-- Source material follows --

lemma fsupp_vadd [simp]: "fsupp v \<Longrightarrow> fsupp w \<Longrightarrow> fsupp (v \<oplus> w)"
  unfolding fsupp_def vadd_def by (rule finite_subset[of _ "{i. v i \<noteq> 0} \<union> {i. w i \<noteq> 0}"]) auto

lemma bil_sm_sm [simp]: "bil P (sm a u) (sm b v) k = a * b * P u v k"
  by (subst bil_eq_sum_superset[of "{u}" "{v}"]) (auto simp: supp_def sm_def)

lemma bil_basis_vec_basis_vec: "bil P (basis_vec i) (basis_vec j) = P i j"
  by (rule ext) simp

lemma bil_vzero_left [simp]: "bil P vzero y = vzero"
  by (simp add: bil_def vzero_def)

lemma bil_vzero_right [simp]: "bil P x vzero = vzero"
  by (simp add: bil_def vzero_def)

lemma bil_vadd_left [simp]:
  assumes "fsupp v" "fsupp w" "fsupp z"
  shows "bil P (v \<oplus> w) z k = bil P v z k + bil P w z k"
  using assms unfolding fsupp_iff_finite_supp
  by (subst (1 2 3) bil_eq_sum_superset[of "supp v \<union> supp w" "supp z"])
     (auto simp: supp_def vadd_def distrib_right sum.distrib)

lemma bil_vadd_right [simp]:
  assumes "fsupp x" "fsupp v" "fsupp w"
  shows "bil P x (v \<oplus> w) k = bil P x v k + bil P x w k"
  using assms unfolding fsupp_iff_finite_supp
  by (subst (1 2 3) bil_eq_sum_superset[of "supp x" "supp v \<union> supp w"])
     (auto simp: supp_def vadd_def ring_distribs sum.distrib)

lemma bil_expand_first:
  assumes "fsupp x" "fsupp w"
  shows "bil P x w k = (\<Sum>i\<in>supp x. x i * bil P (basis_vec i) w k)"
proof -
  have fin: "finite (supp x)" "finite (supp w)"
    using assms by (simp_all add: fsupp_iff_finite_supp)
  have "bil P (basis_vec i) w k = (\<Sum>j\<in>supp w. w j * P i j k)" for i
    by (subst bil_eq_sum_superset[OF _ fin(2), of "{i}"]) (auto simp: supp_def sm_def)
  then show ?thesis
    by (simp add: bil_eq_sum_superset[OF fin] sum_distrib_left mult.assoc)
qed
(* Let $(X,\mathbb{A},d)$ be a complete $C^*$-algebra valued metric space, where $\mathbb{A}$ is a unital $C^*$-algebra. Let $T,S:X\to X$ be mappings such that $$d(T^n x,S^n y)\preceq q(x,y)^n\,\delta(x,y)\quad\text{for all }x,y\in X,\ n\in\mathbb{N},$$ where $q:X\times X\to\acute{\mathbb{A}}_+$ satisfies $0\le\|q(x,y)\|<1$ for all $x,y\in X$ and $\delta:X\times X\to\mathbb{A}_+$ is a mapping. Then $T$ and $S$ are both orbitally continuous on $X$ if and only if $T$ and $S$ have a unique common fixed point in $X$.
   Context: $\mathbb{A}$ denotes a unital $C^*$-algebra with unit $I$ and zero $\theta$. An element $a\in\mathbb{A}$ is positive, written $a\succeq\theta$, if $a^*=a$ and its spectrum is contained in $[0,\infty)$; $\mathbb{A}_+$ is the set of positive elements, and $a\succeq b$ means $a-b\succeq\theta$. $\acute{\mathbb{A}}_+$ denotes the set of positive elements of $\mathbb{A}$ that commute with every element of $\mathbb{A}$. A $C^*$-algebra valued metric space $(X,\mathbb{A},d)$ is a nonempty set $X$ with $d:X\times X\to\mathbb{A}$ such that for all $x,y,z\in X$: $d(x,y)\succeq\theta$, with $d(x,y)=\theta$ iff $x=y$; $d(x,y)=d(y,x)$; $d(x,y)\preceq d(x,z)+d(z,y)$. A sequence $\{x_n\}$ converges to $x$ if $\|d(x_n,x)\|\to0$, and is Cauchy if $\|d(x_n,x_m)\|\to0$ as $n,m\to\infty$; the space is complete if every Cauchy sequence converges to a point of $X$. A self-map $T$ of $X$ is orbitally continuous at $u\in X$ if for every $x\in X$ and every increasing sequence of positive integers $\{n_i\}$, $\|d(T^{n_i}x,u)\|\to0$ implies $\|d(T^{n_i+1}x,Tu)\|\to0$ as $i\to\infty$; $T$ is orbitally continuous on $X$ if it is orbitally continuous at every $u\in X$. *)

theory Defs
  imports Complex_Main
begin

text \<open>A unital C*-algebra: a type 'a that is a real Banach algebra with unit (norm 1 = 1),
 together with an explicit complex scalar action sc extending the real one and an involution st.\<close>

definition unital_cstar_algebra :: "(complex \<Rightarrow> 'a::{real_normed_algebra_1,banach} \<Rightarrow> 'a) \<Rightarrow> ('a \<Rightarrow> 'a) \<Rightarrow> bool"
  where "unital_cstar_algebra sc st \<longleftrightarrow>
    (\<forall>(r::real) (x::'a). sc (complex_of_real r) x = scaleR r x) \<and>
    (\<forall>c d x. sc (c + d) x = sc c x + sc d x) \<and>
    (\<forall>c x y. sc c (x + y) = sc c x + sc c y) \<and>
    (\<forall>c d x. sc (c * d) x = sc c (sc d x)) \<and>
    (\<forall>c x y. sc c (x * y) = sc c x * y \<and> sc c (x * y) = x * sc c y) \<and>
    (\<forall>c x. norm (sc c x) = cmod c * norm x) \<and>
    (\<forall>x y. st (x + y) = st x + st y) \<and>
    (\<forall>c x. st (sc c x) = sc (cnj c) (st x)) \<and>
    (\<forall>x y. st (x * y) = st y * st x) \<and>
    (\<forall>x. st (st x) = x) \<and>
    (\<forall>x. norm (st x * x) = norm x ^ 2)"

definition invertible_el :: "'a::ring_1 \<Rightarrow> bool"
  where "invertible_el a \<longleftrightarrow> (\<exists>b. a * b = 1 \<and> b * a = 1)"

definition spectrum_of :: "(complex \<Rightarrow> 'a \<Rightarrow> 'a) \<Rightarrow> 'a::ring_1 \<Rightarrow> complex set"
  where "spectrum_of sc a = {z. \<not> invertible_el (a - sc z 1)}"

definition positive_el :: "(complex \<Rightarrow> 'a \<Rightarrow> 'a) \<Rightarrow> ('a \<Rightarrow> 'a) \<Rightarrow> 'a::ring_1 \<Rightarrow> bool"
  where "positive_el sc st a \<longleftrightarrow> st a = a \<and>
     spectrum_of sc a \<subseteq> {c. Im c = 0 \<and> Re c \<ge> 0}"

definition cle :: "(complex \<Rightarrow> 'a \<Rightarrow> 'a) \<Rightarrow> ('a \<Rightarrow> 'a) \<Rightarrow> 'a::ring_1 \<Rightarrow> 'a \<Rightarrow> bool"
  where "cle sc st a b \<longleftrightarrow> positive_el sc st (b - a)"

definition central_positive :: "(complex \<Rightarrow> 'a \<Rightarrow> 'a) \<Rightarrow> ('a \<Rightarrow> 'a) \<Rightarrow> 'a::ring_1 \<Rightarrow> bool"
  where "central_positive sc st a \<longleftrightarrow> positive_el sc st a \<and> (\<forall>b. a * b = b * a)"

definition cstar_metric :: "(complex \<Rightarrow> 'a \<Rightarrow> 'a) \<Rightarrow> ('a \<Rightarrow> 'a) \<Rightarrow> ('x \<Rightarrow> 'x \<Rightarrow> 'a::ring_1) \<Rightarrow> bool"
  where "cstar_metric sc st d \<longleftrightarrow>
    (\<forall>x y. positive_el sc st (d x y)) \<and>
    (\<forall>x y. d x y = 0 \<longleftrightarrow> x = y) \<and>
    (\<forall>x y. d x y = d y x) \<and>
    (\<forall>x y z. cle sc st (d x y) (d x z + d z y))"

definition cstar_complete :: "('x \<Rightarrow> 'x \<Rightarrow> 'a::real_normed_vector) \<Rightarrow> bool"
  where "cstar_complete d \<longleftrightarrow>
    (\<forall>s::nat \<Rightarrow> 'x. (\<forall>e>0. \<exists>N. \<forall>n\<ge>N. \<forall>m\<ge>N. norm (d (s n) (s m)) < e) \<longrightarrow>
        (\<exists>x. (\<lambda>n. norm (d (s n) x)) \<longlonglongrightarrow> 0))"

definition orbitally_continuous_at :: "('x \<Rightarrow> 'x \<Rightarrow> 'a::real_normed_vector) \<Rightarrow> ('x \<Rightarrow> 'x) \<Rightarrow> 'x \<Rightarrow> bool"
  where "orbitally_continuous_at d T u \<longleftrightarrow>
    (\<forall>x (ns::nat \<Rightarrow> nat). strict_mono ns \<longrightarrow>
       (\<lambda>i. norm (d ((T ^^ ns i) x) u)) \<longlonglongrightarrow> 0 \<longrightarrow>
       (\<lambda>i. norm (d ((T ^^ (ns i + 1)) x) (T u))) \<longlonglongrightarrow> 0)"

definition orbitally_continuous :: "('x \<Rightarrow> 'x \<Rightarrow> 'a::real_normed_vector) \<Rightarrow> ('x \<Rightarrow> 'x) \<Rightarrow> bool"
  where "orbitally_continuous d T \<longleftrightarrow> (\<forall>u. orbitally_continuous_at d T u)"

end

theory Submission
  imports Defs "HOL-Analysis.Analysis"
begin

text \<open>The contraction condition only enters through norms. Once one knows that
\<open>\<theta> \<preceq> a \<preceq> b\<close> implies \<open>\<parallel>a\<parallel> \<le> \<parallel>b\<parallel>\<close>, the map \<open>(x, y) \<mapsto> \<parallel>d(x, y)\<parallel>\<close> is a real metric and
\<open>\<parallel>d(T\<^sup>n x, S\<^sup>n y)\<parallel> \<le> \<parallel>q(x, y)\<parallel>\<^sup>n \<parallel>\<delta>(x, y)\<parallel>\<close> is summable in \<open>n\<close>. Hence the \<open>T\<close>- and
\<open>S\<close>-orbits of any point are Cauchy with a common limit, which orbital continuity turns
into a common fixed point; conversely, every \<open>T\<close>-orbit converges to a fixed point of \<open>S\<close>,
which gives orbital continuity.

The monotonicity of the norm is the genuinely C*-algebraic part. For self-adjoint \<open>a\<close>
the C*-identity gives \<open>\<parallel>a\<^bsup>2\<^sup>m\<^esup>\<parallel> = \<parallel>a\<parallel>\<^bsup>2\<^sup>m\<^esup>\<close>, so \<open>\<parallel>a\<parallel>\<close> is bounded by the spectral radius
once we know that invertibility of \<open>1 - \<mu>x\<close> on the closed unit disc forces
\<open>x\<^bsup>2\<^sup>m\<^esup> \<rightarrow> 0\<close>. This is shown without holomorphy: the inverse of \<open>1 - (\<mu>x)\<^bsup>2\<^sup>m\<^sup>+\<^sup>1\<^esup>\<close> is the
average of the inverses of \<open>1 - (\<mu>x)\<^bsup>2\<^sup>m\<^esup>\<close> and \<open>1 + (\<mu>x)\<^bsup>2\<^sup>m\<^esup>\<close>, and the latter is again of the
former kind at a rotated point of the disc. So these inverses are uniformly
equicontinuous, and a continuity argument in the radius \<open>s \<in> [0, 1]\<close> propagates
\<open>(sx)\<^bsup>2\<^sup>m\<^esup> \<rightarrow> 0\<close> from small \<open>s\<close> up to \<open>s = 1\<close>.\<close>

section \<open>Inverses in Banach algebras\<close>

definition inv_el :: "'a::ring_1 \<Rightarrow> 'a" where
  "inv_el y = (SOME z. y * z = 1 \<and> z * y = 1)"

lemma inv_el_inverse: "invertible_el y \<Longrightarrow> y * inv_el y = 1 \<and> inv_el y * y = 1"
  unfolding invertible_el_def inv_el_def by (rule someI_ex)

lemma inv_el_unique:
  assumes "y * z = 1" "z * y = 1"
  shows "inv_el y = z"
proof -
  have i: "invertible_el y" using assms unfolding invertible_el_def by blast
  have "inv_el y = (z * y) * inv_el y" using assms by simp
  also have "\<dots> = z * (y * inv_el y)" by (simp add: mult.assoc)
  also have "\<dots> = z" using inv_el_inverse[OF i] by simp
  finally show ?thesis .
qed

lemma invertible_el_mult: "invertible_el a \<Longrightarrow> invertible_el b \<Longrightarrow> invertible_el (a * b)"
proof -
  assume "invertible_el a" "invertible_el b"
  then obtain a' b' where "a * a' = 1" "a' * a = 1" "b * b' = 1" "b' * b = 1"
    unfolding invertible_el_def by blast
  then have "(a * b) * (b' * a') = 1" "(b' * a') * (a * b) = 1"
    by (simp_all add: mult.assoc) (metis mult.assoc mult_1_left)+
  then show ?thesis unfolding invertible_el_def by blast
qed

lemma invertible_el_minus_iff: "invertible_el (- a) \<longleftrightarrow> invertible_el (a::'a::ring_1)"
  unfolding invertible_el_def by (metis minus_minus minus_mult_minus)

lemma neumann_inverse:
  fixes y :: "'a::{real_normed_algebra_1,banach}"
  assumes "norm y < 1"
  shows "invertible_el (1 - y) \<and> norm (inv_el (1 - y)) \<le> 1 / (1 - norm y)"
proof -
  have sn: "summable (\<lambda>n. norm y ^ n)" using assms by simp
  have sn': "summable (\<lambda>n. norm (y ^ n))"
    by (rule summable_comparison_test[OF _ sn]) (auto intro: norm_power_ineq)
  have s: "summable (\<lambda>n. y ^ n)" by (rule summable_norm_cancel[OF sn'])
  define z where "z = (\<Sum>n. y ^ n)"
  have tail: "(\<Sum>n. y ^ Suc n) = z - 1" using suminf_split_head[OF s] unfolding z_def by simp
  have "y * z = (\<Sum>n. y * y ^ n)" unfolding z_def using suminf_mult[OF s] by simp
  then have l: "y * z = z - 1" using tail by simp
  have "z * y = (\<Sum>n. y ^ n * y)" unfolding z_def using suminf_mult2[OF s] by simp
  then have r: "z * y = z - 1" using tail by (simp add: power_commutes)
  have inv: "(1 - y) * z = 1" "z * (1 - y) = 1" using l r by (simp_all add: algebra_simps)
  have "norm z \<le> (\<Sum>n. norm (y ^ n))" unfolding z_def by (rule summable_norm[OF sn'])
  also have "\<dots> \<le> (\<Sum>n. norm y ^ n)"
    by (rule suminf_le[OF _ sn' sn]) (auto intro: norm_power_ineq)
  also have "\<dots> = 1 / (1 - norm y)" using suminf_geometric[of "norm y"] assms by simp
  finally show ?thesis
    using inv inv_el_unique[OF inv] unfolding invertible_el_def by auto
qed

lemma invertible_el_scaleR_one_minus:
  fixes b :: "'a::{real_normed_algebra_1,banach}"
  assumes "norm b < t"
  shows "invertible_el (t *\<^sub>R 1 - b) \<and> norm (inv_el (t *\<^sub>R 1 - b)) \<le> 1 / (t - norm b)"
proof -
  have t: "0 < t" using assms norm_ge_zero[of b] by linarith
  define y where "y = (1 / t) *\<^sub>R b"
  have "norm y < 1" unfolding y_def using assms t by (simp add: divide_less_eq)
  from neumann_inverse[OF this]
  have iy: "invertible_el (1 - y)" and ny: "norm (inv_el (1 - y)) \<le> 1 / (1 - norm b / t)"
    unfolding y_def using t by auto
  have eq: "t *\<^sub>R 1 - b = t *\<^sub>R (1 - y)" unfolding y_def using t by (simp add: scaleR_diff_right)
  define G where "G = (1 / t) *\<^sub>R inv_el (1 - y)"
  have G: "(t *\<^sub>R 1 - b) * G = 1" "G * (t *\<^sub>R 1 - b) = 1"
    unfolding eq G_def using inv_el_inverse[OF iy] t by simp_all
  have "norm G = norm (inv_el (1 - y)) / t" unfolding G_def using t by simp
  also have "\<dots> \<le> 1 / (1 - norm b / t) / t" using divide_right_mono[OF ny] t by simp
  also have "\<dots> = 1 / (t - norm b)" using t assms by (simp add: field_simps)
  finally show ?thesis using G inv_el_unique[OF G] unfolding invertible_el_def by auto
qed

-- Source material concluded --

Required work
Find "gives" in the preceding records. Copy each line that holds it.

Answer space
which gives orbital continuity.
the C*-identity gives \<open>\<parallel>a\<^bsup>2\<^sup>m\<^esup>\<parallel> = \<parallel>a\<parallel>\<^bsup>2\<^sup>m\<^esup>\<close>, so \<open>\<parallel>a\<parallel>\<close> is bounded by the spectral radius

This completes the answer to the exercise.